Neural Network Anatomy

From a single neuron to convolutional vision — every part labeled

Illustration companion to Issue 6: Machines That Learn

Section 1

The Perceptron

The simplest possible neural network: one neuron. Multiply inputs by weights, add them up, squish through an activation function.

One neuron. Multiply inputs by weights, add them up, squish through activation. That is it.

Section 2

Activation Functions

The “squish” functions that give networks their nonlinearity. Without them, stacking layers would be pointless.

Section 3

Multi-Layer Perceptron (MLP)

Stack neurons in layers, connect every neuron to every neuron in the next layer, and now you can learn complex patterns.

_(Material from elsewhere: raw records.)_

lemma fract_hom_kernel_principal:
  fixes scale :: "'r::idom \<Rightarrow> 'm::ab_group_add \<Rightarrow> 'm" and g :: "'r fract \<Rightarrow> 'm"
  assumes m: "module scale" and v: "valuation_domain TYPE('r)"
    and g_scale: "\<forall>c. \<forall>x\<in>J. g (emb c * x) = scale c (g x)"
    and q: "q \<in> J" and gq: "g q \<noteq> 0" and r: "r \<noteq> 0" and ann: "Ann scale (g q) = principal r"
    and x: "x \<in> J"
  shows "g x = 0 \<longleftrightarrow> x / (emb r * q) \<in> Rq"
proof -
  have "g 0 = 0"
    using g_scale q by (metis emb_simps(5) mult_zero_left module.scale_zero_left[OF m])
  then have "q \<noteq> 0"
    using gq by blast
  then have d: "emb r * q \<noteq> 0"
    using r emb_eq_iff[of r 0] by simp
  have "x / (emb r * q) \<in> Rq \<longleftrightarrow> (\<exists>k. x = emb (k * r) * q)"
    using d by (auto simp: Rq_iff nonzero_divide_eq_eq mult.assoc[symmetric])
  also have "\<dots> \<longleftrightarrow> g x = 0"
  proof
    assume "\<exists>k. x = emb (k * r) * q"
    then obtain k where "x = emb (k * r) * q" ..
    then have "g x = scale k (scale r (g q))"
      using g_scale q by (simp add: module.scale_scale[OF m])
    then show "g x = 0"
      using Ann_eq_principal_iff[OF ann, of r] by (simp add: module.scale_zero_right[OF m])
  next
    assume gx: "g x = 0"
    consider (multiple) t where "x = emb t * q" | (divisor) t where "q = emb t * x"
      using valuation_domain_fract_dvd_total[OF v] by blast
    then show "\<exists>k. x = emb (k * r) * q"
    proof cases
      case (multiple t)
      then have "scale t (g q) = 0"
        using gx g_scale q by simp
      then obtain k where "t = r * k"
        using Ann_eq_principal_iff[OF ann] by (auto simp: dvd_def)
      then show ?thesis
        using multiple by (metis mult.commute)
    next
      case divisor
      then have "g q = 0"
        using gx g_scale x by (simp add: module.scale_zero_right[OF m])
      with gq show ?thesis ..
    qed
  qed
  finally show ?thesis ..
qed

Every neuron in one layer connects to every neuron in the next. The network has 4 + 6 + 4 + 2 = 16 neurons and (4×6) + (6×4) + (4×2) = 56 weight connections.

Section 4

Convolutional Neural Network (CNN)

How a computer learns to see: filters slide across images, detecting edges, then shapes, then objects.

Section 5

The Training Loop

How a network learns: make predictions, measure errors, adjust weights, repeat.

Section 6

Key Terms Glossary

Quick reference for the essential vocabulary of neural networks.

Epoch One complete pass through the entire training dataset. Training typically takes 10-100+ epochs.

Batch A subset of training data used per weight update step. Common sizes: 32, 64, 128, 256.

Learning Rate How large each weight adjustment is. Too high: overshoots. Too low: learns too slowly.

Loss A single number measuring how wrong the network's predictions are. Training minimizes this.

Gradient The direction and magnitude to adjust each weight. Computed via backpropagation (chain rule).

Overfitting When a network memorizes training data instead of learning general patterns. Fails on new data.

Activation A nonlinear function applied after each neuron's weighted sum. Without it, deep networks collapse to one layer.

Weight A learnable number on each connection. The network's “knowledge” is entirely stored in its weights.

Bias An extra learnable offset added before the activation function. Shifts the decision boundary.

Dropout Randomly disabling neurons during training. Prevents over-reliance on any single pathway.

Feature Map The output of one convolutional filter applied to an image. Highlights one type of visual pattern.

Backpropagation The algorithm that computes gradients layer by layer, from output back to input, using the chain rule.